Stored items:

━━━━━━━━━━━━━━━━

lemma koszul_aug_sheaf_hom:
  assumes hq: "q \<in> Uq n q" and KQ: "\<forall>r\<in>Uq n q. r \<in> K \<longleftrightarrow> r = q"
  shows "sheaf_hom (Uq n q) (koszul q 0) (\<lambda>r s x. x) (kK_stalk K) (kK_res K) (koszul_aug q :: 'k::comm_ring_1 shom)"
  unfolding sheaf_hom_def koszul_0_eq_kline
proof (intro conjI ballI impI allI)
  fix r assume r: "r \<in> Uq n q"
  show "linmap kline (kK_stalk K r) (koszul_aug q r :: 'k vec \<Rightarrow> 'k vec)"
  proof (cases "r = q")
    case True
    then have "r \<in> K" using KQ r by blast
    then show ?thesis using True unfolding linmap_def koszul_aug_def kK_stalk_def
      using submod_add[OF kline_submod] submod_smul[OF kline_submod] by auto
  next
    case False
    then have "r \<notin> K" using KQ r by blast
    then show ?thesis using False unfolding linmap_def koszul_aug_def kK_stalk_def by (auto simp: fun_eq_iff)
  qed
next
  fix r s and x :: "'k vec" assume a: "r \<in> Uq n q" "s \<in> Uq n q" "r \<subseteq> s" "x \<in> kline"
  show "koszul_aug q s x = kK_res K r s (koszul_aug q r x)"
  proof (cases "s = q")
    case True
    then have "r = q" using a mem_Uq_iff by blast
    then show ?thesis using True KQ a unfolding koszul_aug_def kK_res_def by auto
  next
    case False
    then have "s \<notin> K" using KQ a by blast
    then show ?thesis using False unfolding koszul_aug_def kK_res_def by auto
  qed
next
  fix r and x :: "'k vec" assume "r \<notin> Uq n q \<or> x \<notin> kline"
  then show "koszul_aug q r x = 0" using hq unfolding koszul_aug_def by auto
qed

lemma koszul_cycle_is_boundary:
  assumes r: "r \<in> Uq n q" and rq: "r \<noteq> q" and x: "x \<in> koszul q j r" and dx: "koszul_d n x = (0 :: 'k::comm_ring_1 vec)"
  shows "koszul_h (Min (r - q)) x \<in> koszul q (Suc j) r \<and> x = koszul_d n (koszul_h (Min (r - q)) x)"
proof -
  have rs: "r \<subseteq> {1..n}" "q \<subseteq> r" using r mem_Uq_iff by auto
  then have fin: "finite (r - q)" by (meson finite_Diff finite_atLeastAtMost finite_subset)
  have ne: "r - q \<noteq> {}" using rs rq by blast
  define a where "a = Min (r - q)"
  have a: "a \<in> r - q" unfolding a_def using Min_in[OF fin ne] .
  have amin: "\<forall>c\<in>r - q. a \<le> c" unfolding a_def using Min_le[OF fin] by blast
  have "koszul_d n (koszul_h a x) + koszul_h a (koszul_d n x) = x" by (rule koszul_contraction[OF rs(1) a amin x])
  then have "x = koszul_d n (koszul_h a x)" unfolding dx koszul_h_zero by simp
  then show ?thesis using koszul_h_in[OF a x] unfolding a_def by simp
qed

context
  fixes n :: nat and q :: "nat set" and K :: "nat set set"
  assumes q_in: "q \<in> Uq n q" and K_near_q: "\<forall>r\<in>Uq n q. r \<in> K \<longleftrightarrow> r = q"
begin

lemma aug_koszul_sheaf_complex:
  "sheaf_complex (Uq n q) (aug_koszul K q) (aug_koszul_res K) (aug_koszul_diff n q :: nat \<Rightarrow> 'k::comm_ring_1 shom)"
  unfolding sheaf_complex_def
proof (intro conjI allI ballI)
  fix j show "is_sheaf (Uq n q) (aug_koszul K q j :: nat set \<Rightarrow> 'k vec set) (aug_koszul_res K j)"
    using kK_is_sheaf[of "Uq n q" K] koszul_is_sheaf K_near_q by (cases j) auto
next
  fix j show "sheaf_hom (Uq n q) (aug_koszul K q (Suc j)) (aug_koszul_res K (Suc j)) (aug_koszul K q j)
      (aug_koszul_res K j) (aug_koszul_diff n q j :: 'k shom)"
    using koszul_aug_sheaf_hom[OF q_in K_near_q] koszul_hom_sheaf_hom by (cases j) simp_all
next
  fix j r and x :: "'k vec" assume r: "r \<in> Uq n q" and x: "x \<in> aug_koszul K q (Suc (Suc j)) r"
  show "aug_koszul_diff n q j r (aug_koszul_diff n q (Suc j) r x) = 0"
  proof (cases j)
    case 0
    show ?thesis
    proof (cases "r = q")
      case True
      then have "x = 0" using x 0 koszul_Suc_base by auto
      then show ?thesis using 0 True by (simp add: koszul_hom_def koszul_aug_def koszul_d_zero)
    qed (simp add: 0 koszul_aug_def)
  next
    case (Suc i)
    then show ?thesis
      using r x koszul_d_in[of x q "Suc i" r] koszul_d_d[of n x] by (simp add: koszul_hom_def)
  qed
qed

lemma aug_koszul_exact_0:
  assumes r: "r \<in> Uq n q"
  shows "koszul_aug q r ` koszul q 0 r = (kK_stalk K r :: 'k::comm_ring_1 vec set)"
proof (cases "r = q")
  case True
  then show ?thesis using K_near_q r by (auto simp: koszul_0_eq_kline koszul_aug_def kK_stalk_def image_def)
next
  case False
  moreover have "(0::'k vec) \<in> kline" by (simp add: kline_def)
  ultimately show ?thesis using K_near_q r by (auto simp: koszul_0_eq_kline koszul_aug_def kK_stalk_def image_def)
qed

━━━━━━━━━━━━━━━━

**What you should do**
What you give back should be only the lines of the records above, starting at the line with "then show ?thesis using False unfolding linmap_def" and ending at the line with "fix r and x", restated word for word.

**Answer section**
    then show ?thesis using False unfolding linmap_def koszul_aug_def kK_stalk_def by (auto simp: fun_eq_iff)
  qed
next
  fix r s and x :: "'k vec" assume a: "r \<in> Uq n q" "s \<in> Uq n q" "r \<subseteq> s" "x \<in> kline"
  show "koszul_aug q s x = kK_res K r s (koszul_aug q r x)"
  proof (cases "s = q")
    case True
    then have "r = q" using a mem_Uq_iff by blast
    then show ?thesis using True KQ a unfolding koszul_aug_def kK_res_def by auto
  next
    case False
    then have "s \<notin> K" using KQ a by blast
    then show ?thesis using False unfolding koszul_aug_def kK_res_def by auto
  qed
next
  fix r and x :: "'k vec" assume "r \<notin> Uq n q \<or> x \<notin> kline"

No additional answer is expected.